Fatores que influenciam a formação do apego e a parentalidade
Entre os estudos analisados, três referiram-se à fatores de risco vivenciados na infância com a família de origem e a repercussão de tais vivências para a vida adulta, especialmente na transição para a parentalidade (Ensink et al, 2016; Madigan et al., 2016; Szepsenwol, et al., 2015). Os três estudos apontaram de modo unânime que a ausência ou restrito suporte materno constituíram-se aspectos presentes na vida dos participantes, os quais por meio de instrumentos que avaliaram o apego infantil retrospectivo, e com destaque, à Entrevista de Apego adulto, apresentaram maiores dificuldades no âmbito de relação parental ao se tornarem pais.
Na pesquisa de Ensink et al. (2016) as 88 díades mãe-bebê, cujas progenitoras foram vítimas de maltrato na infância, apresentaram maiores associações de comportamentos parentais negativos, tais como desinteresse e irritabilidade com os filhos. Sobre isto, Berthelot, et al. (2015) discutem que mães que sofreram traumas no passado podem estar mais propensas a desenvolver o tipo de apego desorganizado com seus filhos; o que apareceu em uma amostra em que todas as mães tiveram histórias de abuso e negligência no estudo desses autores.
Por sua vez, o trabalho de Szepsenwol et al. (2015) trouxe a discussão sobre diferentes fatores de risco implicados para a parentalidade, além da dimensão afetiva nos relacionamentos.

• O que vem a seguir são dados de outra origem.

lemma std_at_cuts_meets_opposite_Pet_eq:
  assumes std: "F \<in> std_at_cuts n J" and opp: "F \<in> meets_opposite n (wJ n J)" and pet: "F \<in> Pet n"
  shows "F = perm_flag n (wJ n J)"
proof -
  obtain g where g: "g \<in> GL n" "F = flag_of n g" using std by (auto simp: std_at_cuts_def Fl_def)
  have span_eq: "colspan n (permmat n (wJ n J)) k = colspan n g k" if k: "k \<le> n" for k
  proof (rule GL_colspan_eq[OF permmat_wJ_GL k], rule colspan_subsetI)
    fix j assume "j < k"
    then have "mcol (permmat n (wJ n J)) j = basis_vec (wJ n J j)" "Suc j \<le> k" "j < n"
      using k wJ_less[of j n J] by (auto simp: mcol_permmat)
    then show "mcol (permmat n (wJ n J)) j \<in> colspan n g k"
      using basis_vec_wJ_in_colspan[OF g(1)] std opp pet g(2) colspan_mono by fastforce
  qed
  show ?thesis unfolding g(2) perm_flag_def flag_of_def by (intro ext) (simp add: span_eq)
qed

text \<open>For \<open>k \<in> J' - J\<close>, some \<open>V\<^sub>l\<^sub>+\<^sub>1\<close> with \<open>l < k\<close> must contain a nonzero vector supported
  on coordinates \<open>\<ge> k\<close>, while \<open>V\<^sub>l\<^sub>+\<^sub>1 \<subseteq> V\<^sub>k\<close> is supported on coordinates \<open>< k\<close>.\<close>
lemma std_at_cuts_meets_opposite_imp_subset:
  assumes std: "F \<in> std_at_cuts n J" and opp: "F \<in> meets_opposite n (wJ n J')"
    and J': "J' \<subseteq> {1..n-1}"
  shows "J' \<subseteq> J"
proof
  fix k assume kJ': "k \<in> J'"
  show "k \<in> J"
  proof (rule ccontr)
    assume kJ: "k \<notin> J"
    have "k \<in> {1..n-1}" using kJ' J' by blast
    then have k: "0 < k" "k < n" by auto
    obtain l where l: "l < k" "k \<le> wJ n J' l" using wJ_crosses_cut[OF kJ' k] by blast
    obtain g where g: "F = flag_of n g" using std by (auto simp: std_at_cuts_def Fl_def)
    obtain v where v: "v \<in> colspan n g (Suc l)" "v \<noteq> (\<lambda>i. 0)" "\<And>i. i < wJ n J' l \<Longrightarrow> v i = 0"
      using flag_of_meets_oppositeD[OF opp[unfolded g]] l k by (metis order.strict_trans)
    have "v \<in> colspan n g k" using v(1) colspan_mono[of "Suc l" k] l(1) by auto
    then have "v i = 0" if "k \<le> i" for i
      using flag_of_std_at_cutsD[OF std[unfolded g] kJ k] that by blast
    then have "v = (\<lambda>i. 0)" using v(3) l(2) by (metis leI order.strict_trans2)
    then show False using v(2) by simp
  qed
qed

lemma continuous_on_mmul_both: "continuous_on UNIV (\<lambda>x. mmul n b1 (mmul n x b2))"
proof (intro continuous_on_coordinatewise_then_product)
  fix i j
  show "continuous_on UNIV (\<lambda>x. mmul n b1 (mmul n x b2) i j)"
  proof (cases "i < n \<and> j < n")
    case True
    then have eq: "(\<lambda>x. mmul n b1 (mmul n x b2) i j) = (\<lambda>x. \<Sum>k<n. b1 i k * (\<Sum>l<n. x k l * b2 l j))"
      by (auto simp: mmul_def fun_eq_iff intro!: sum.cong)
    show ?thesis unfolding eq by (intro continuous_intros continuous_on_entry)
  next
    case False
    then have eq: "(\<lambda>x. mmul n b1 (mmul n x b2) i j) = (\<lambda>x. 0)" by (auto simp: mmul_def)
    show ?thesis unfolding eq by (rule continuous_on_const)
  qed
qed

lemma closure_dcoset_mono:
  assumes "permmat n u' \<in> closure (dcoset n (Bup n) u)"
  shows "closure (dcoset n (Bup n) u') \<subseteq> closure (dcoset n (Bup n) u)"
proof (rule closure_minimal[OF _ closed_closure], rule subsetI)
  fix h assume "h \<in> dcoset n (Bup n) u'"
  then obtain b1 b2 where h: "h = mmul n (mmul n b1 (permmat n u')) b2" "b1 \<in> Bup n" "b2 \<in> Bup n"
    by (auto simp: dcoset_def)
  let ?psi = "\<lambda>x. mmul n b1 (mmul n x b2)"
  have "?psi x \<in> dcoset n (Bup n) u" if "x \<in> dcoset n (Bup n) u" for x
    using dcoset_mmul_left[OF dcoset_mmul_right[OF that h(3)] h(2) Bup_mmul] .
  then have "?psi ` dcoset n (Bup n) u \<subseteq> dcoset n (Bup n) u" by blast
  then have "?psi ` closure (dcoset n (Bup n) u) \<subseteq> closure (dcoset n (Bup n) u)"
    using closure_subset
    by (intro image_closure_subset continuous_on_subset[OF continuous_on_mmul_both]) auto
  then have "?psi (permmat n u') \<in> closure (dcoset n (Bup n) u)" using assms by blast
  then show "h \<in> closure (dcoset n (Bup n) u)" by (simp add: h mmul_assoc)
qed

lemma continuous_punctured_in_closure:
  fixes f :: "complex \<Rightarrow> 'a::topological_space"
  assumes "continuous_on UNIV f" "\<And>s. s \<noteq> 0 \<Longrightarrow> f s \<in> S"
  shows "f 0 \<in> closure S"
proof -
  have "0 \<in> closure (UNIV - {0::complex})"
    using islimpt_punctured[of "0::complex" UNIV] islimpt_UNIV[of "0::complex"]
    by (simp add: closure_def)
  moreover have "f ` closure (UNIV - {0}) \<subseteq> closure S"
    using assms closure_subset
    by (intro image_closure_subset continuous_on_subset[OF assms(1)]) auto
  ultimately show ?thesis by blast
qed

definition transvection :: "nat \<Rightarrow> nat \<Rightarrow> nat \<Rightarrow> complex \<Rightarrow> cmat" where
  "transvection n r r' a = (\<lambda>i j.
    if i < n \<and> j < n then (if i = j then 1 else 0) + (if i = r \<and> j = r' then a else 0) else 0)"

definition diag_scale :: "nat \<Rightarrow> nat \<Rightarrow> complex \<Rightarrow> cmat" where
  "diag_scale n c a = (\<lambda>i j. if i < n \<and> j < n \<and> i = j then (if i = c then a else 1) else 0)"

lemma transvection_mmul:
  assumes A: "A \<in> matrices n" and r: "r < n" "r' < n"
  shows "mmul n (transvection n r r' a) A = (\<lambda>i j. A i j + (if i = r then a * A r' j else 0))"
proof (intro ext)
  fix i j
  show "mmul n (transvection n r r' a) A i j = A i j + (if i = r then a * A r' j else 0)"
  proof (cases "i < n \<and> j < n")
    case True
    have "(\<Sum>k<n. transvection n r r' a i k * A k j) =
        (\<Sum>k<n. (if k = i then A k j else 0) + (if i = r \<and> k = r' then a * A k j else 0))"
      using True by (intro sum.cong refl) (auto simp: transvection_def algebra_simps)
    then show ?thesis using True r by (simp add: mmul_def sum.distrib)
  qed (use A r in \<open>auto simp: mmul_def matrices_def\<close>)
qed

lemma mmul_transvection:
  assumes A: "A \<in> matrices n" and r: "r < n" "r' < n"
  shows "mmul n A (transvection n r r' a) = (\<lambda>i j. A i j + (if j = r' then a * A i r else 0))"
proof (intro ext)
  fix i j
  show "mmul n A (transvection n r r' a) i j = A i j + (if j = r' then a * A i r else 0)"
  proof (cases "i < n \<and> j < n")
    case True
    have "(\<Sum>k<n. A i k * transvection n r r' a k j) =
        (\<Sum>k<n. (if k = j then A i k else 0) + (if k = r \<and> j = r' then a * A i k else 0))"
      using True by (intro sum.cong refl) (auto simp: transvection_def algebra_simps)
    then show ?thesis using True r by (simp add: mmul_def sum.distrib)
  qed (use A r in \<open>auto simp: mmul_def matrices_def\<close>)
qed
lemma K2t_iff:
  "contains_subgraph (complete_bipartite 2 t) G \<longleftrightarrow>
   (\<exists>a b cs. length cs = t \<and> distinct (a # b # cs) \<and> set (a # b # cs) \<subseteq> verts G \<and>
      (\<forall>c\<in>set cs. {a, c} \<in> edges G \<and> {b, c} \<in> edges G))"
  (is "?lhs \<longleftrightarrow> ?rhs")
proof
  let ?E = "{{i, j} | i j. i < (2::nat) \<and> 2 \<le> j \<and> j < 2 + t}"
  assume ?lhs
  then obtain f where f: "inj_on f {0..<2 + t}" "f ` {0..<2 + t} \<subseteq> verts G"
    "\<forall>e\<in>?E. f ` e \<in> edges G"
    unfolding contains_subgraph_def complete_bipartite_def verts_def edges_def by auto
  have edge: "{f i, f j} \<in> edges G" if "i < 2" "2 \<le> j" "j < 2 + t" for i j
  proof -
    have "{i, j} \<in> ?E" using that by blast
    with f(3) have "f ` {i, j} \<in> edges G" by blast
    then show ?thesis by simp
  qed
  let ?cs = "map f [2..<2 + t]"
  have all: "f 0 # f 1 # ?cs = map f [0..<2 + t]" by (simp add: upt_conv_Cons numeral_2_eq_2 del: upt_Suc)
  show ?rhs
  proof (intro exI conjI)
    show "length ?cs = t" by (simp del: upt_Suc)
    show "distinct (f 0 # f 1 # ?cs)" unfolding all distinct_map set_upt using f(1) distinct_upt by blast
    show "set (f 0 # f 1 # ?cs) \<subseteq> verts G" unfolding all set_map set_upt using f(2) by blast
    show "\<forall>c\<in>set ?cs. {f 0, c} \<in> edges G \<and> {f 1, c} \<in> edges G" using edge by auto
  qed
next
  assume ?rhs
  then obtain a b cs where h: "length cs = t" "distinct (a # b # cs)"
    "set (a # b # cs) \<subseteq> verts G" "\<forall>c\<in>set cs. {a, c} \<in> edges G \<and> {b, c} \<in> edges G"
    by blast
  let ?f = "\<lambda>i. (a # b # cs) ! i"
  have "inj_on ?f {0..<2 + t}" using h(1,2) by (simp add: inj_on_def nth_eq_iff_index_eq)
  moreover have "?f ` {0..<2 + t} \<subseteq> verts G" 
  proof
    fix v assume "v \<in> ?f ` {0..<2 + t}"
    then obtain i where "i < length (a # b # cs)" "v = ?f i" using h(1) by auto
    then show "v \<in> verts G" using nth_mem h(3) by blast
  qed
  moreover have "?f ` {i, j} \<in> edges G" if "i < 2" "2 \<le> j" "j < 2 + t" for i j
  proof -
    have "j = Suc (Suc (j - 2))" "j - 2 < length cs" using that h(1) by arith+
    then have "?f j \<in> set cs" by (metis nth_Cons_Suc nth_mem)
    moreover have "?f i = a \<or> ?f i = b" using \<open>i < 2\<close> by (auto simp: nth_Cons')
    ultimately show ?thesis using h(4) by auto
  qed
  ultimately show ?lhs
    unfolding contains_subgraph_def complete_bipartite_def verts_def edges_def
    by (intro exI[of _ ?f]) auto
qed
lemma ex_list_length_3: "(\<exists>cs. length cs = 3 \<and> P cs) \<longleftrightarrow> (\<exists>c d e. P [c, d, e])"
proof
  assume "\<exists>cs. length cs = 3 \<and> P cs"
  then show "\<exists>c d e. P [c, d, e]" by (auto simp: length_Suc_conv numeral_eq_Suc)
next
  assume "\<exists>c d e. P [c, d, e]"
  then obtain c d e where "P [c, d, e]" by blast
  then have "length [c, d, e] = 3 \<and> P [c, d, e]" by simp
  then show "\<exists>cs. length cs = 3 \<and> P cs" by blast
qed

lemma ex_list_length_2: "(\<exists>cs. length cs = 2 \<and> P cs) \<longleftrightarrow> (\<exists>c d. P [c, d])"
proof
  assume "\<exists>cs. length cs = 2 \<and> P cs"
  then show "\<exists>c d. P [c, d]" by (auto simp: length_Suc_conv numeral_eq_Suc)
next
  assume "\<exists>c d. P [c, d]"
  then obtain c d where "P [c, d]" by blast
  then have "length [c, d] = 2 \<and> P [c, d]" by simp
  then show "\<exists>cs. length cs = 2 \<and> P cs" by blast
qed

lemma K23_iff:
  "contains_subgraph (complete_bipartite 2 3) G \<longleftrightarrow>
   (\<exists>a b c d e. distinct [a, b, c, d, e] \<and> {a, b, c, d, e} \<subseteq> verts G \<and>
     {a, c} \<in> edges G \<and> {a, d} \<in> edges G \<and> {a, e} \<in> edges G \<and>
     {b, c} \<in> edges G \<and> {b, d} \<in> edges G \<and> {b, e} \<in> edges G)"
  unfolding K2t_iff ex_list_length_3 by (auto; blast)

lemma K22_iff:
  "contains_subgraph (complete_bipartite 2 2) G \<longleftrightarrow>
   (\<exists>a b c d. distinct [a, b, c, d] \<and> {a, b, c, d} \<subseteq> verts G \<and>
     {a, c} \<in> edges G \<and> {a, d} \<in> edges G \<and> {b, c} \<in> edges G \<and> {b, d} \<in> edges G)"
  unfolding K2t_iff ex_list_length_2 by (auto; blast)

section \<open>Properties of a base graph that make its cone K_{2,3}-saturated\<close>

definition max_degree_2 :: "'a graph \<Rightarrow> bool" where
  "max_degree_2 F \<longleftrightarrow> (\<forall>v a b c. {v, a} \<in> edges F \<and> {v, b} \<in> edges F \<and> {v, c} \<in> edges F \<longrightarrow>
     a = b \<or> a = c \<or> b = c)"

definition has_two_neighbours :: "'a graph \<Rightarrow> 'a \<Rightarrow> bool" where
  "has_two_neighbours F v \<longleftrightarrow> (\<exists>n1 n2. n1 \<noteq> n2 \<and> {v, n1} \<in> edges F \<and> {v, n2} \<in> edges F)"

definition C4_free :: "'a graph \<Rightarrow> bool" where
  "C4_free F \<longleftrightarrow> \<not> contains_subgraph (complete_bipartite 2 2) F"

text \<open>A non-adjacent pair u, v of the base whose joining creates a K_{2,3} in the cone:
  one of them has two neighbours, or they are the ends of a path u c d v.\<close>
definition saturating_pair :: "'a graph \<Rightarrow> 'a \<Rightarrow> 'a \<Rightarrow> bool" where
  "saturating_pair F u v \<longleftrightarrow> has_two_neighbours F u \<or> has_two_neighbours F v \<or>
     (\<exists>c d. distinct [u, v, c, d] \<and> {u, c} \<in> edges F \<and> {c, d} \<in> edges F \<and> {d, v} \<in> edges F)"

text \<open>A base graph: its cone turns out to be K_{2,3}-saturated (lemma cone_K23_saturated).\<close>
definition cone_base :: "'a graph \<Rightarrow> bool" where
  "cone_base F \<longleftrightarrow> wf_graph F \<and> max_degree_2 F \<and> C4_free F \<and>
     (\<forall>u\<in>verts F. \<forall>v\<in>verts F. u \<noteq> v \<and> {u, v} \<notin> edges F \<longrightarrow> saturating_pair F u v)"

lemma max_degree_2_no_claw:
  assumes "max_degree_2 F" "distinct [p, q, r]"
    "{v, p} \<in> edges F" "{v, q} \<in> edges F" "{v, r} \<in> edges F"
  shows False
  using assms unfolding max_degree_2_def by auto

lemma C4_free_no_C4:
  assumes "C4_free F" "wf_graph F" "distinct [a, b, c, d]"
    "{a, c} \<in> edges F" "{a, d} \<in> edges F" "{b, c} \<in> edges F" "{b, d} \<in> edges F"
  shows False
proof -
  have "{a, b, c, d} \<subseteq> verts F" using wf_graph_edge[OF assms(2)] assms(4-7) by auto
  then have "contains_subgraph (complete_bipartite 2 2) F"
    unfolding K22_iff using assms(3-7) by blast
  with assms(1) show False by (simp add: C4_free_def)
qed

lemma cone_wf:
  assumes "wf_graph F" "x \<notin> verts F"
  shows "wf_graph (cone x F)"
  using assms unfolding wf_graph_def cone_verts cone_edges by blast

lemma cone_edge_in_base:
  assumes "{a, b} \<in> edges (cone x F)" "a \<noteq> x" "b \<noteq> x"
  shows "{a, b} \<in> edges F"
  using assms by (auto simp: cone_edges doubleton_eq_iff)

text \<open>A K_{2,3} in the cone either uses the apex on its 2-side, so that the other vertex
  of that side has three neighbours in F, or four of its vertices form a C_4 in F.\<close>
lemma cone_K23_free:
  assumes wf: "wf_graph F" and x: "x \<notin> verts F"
    and deg: "max_degree_2 F" and C4: "C4_free F"
  shows "\<not> contains_subgraph (complete_bipartite 2 3) (cone x F)"
proof
  assume "contains_subgraph (complete_bipartite 2 3) (cone x F)"
  then obtain a b c d e where h: "distinct [a, b, c, d, e]"
    "{a, c} \<in> edges (cone x F)" "{a, d} \<in> edges (cone x F)" "{a, e} \<in> edges (cone x F)"
    "{b, c} \<in> edges (cone x F)" "{b, d} \<in> edges (cone x F)" "{b, e} \<in> edges (cone x F)"
    unfolding K23_iff by blast
  note base = cone_edge_in_base[of _ _ x F]
  consider "a = x" | "b = x" | "a \<noteq> x" "b \<noteq> x" by blast
  then show False
  proof cases
    case 1
    with h(1) have "b \<noteq> x" "c \<noteq> x" "d \<noteq> x" "e \<noteq> x" by auto
    with h show False
      using max_degree_2_no_claw[OF deg, of c d e b] base[OF h(5)] base[OF h(6)] base[OF h(7)]
      by simp
  next
    case 2
    with h(1) have "a \<noteq> x" "c \<noteq> x" "d \<noteq> x" "e \<noteq> x" by auto
    with h show False
      using max_degree_2_no_claw[OF deg, of c d e a] base[OF h(2)] base[OF h(3)] base[OF h(4)]
      by simp
  next
    case 3
    text \<open>At most one of c, d, e is the apex; two others p, q close a 4-cycle with a, b.\<close>
    obtain p q where pq: "distinct [a, b, p, q]" "p \<noteq> x" "q \<noteq> x"
      "{a, p} \<in> edges (cone x F)" "{a, q} \<in> edges (cone x F)"
      "{b, p} \<in> edges (cone x F)" "{b, q} \<in> edges (cone x F)"
    proof (cases "c = x")
      case True
      then show thesis using that[of d e] h by auto
    next
      case False
      show thesis
      proof (cases "d = x")
        case True
        then show thesis using that[of c e] h \<open>c \<noteq> x\<close> by auto
      qed (use that[of c d] h \<open>c \<noteq> x\<close> in auto)
    qed
    then show False
      using C4_free_no_C4[OF C4 wf pq(1)] base[OF pq(4)] base[OF pq(5)] base[OF pq(6)] base[OF pq(7)] 3
      by simp
  qed
qed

Apontou que o baixo nível socioeconômico e uma rede social significativa frágil também se constituíram aspectos que contribuíram para o menor envolvimento paterno, estabelecendo relações com o estilo de apego inseguro e evitador com os filhos. Esta pesquisa corrobora com as duas anteriores ao destacar que a privação materna na infância e relações de baixo suporte parental foram fatores expressivos para o desenvolvimento pessoal e parental dos participantes.
Em termos gerais, aponta-se que a presente categoria de fatores que influenciam a formação do apego, levando em consideração a transmissão intergeracional e a vivência da parentalidade, discute aspectos semelhantes em diferentes dados amostrais. Nesse sentido, os estudos apresentaram amostras bem variadas no que tange à etnia e os dados sociodemográficos de ocupação laboral, arranjo familiar e escolaridade. Foram pesquisados pais e mães de ascendência africana, americana, portuguesa, hispânica, canadense e asiática. Apenas o estudo de Ensink et al. (2016) contemplou uma amostra total de caucasianos, uma vez que a maior parte da composição étnica Canadense de onde foram coletados os dados, emerge da França.
Apego e relações parentais
Esta categoria temática contemplou dois artigos (Rempel et al., 2017; Bailey et al., 2016) que apresentam relatos sobre a vivência da parentalidade, a partir do tipo de apego estabelecido entre pais (pai/mãe) e filhos. Os resultados apontaram diferentes modos de envolvimento e padrões relacionais entre os progrenitores e seus filhos. Apontamentos sobre estilos de apego e contextos que promovem a saúde foram apresentados, conforme se discute, a seguir.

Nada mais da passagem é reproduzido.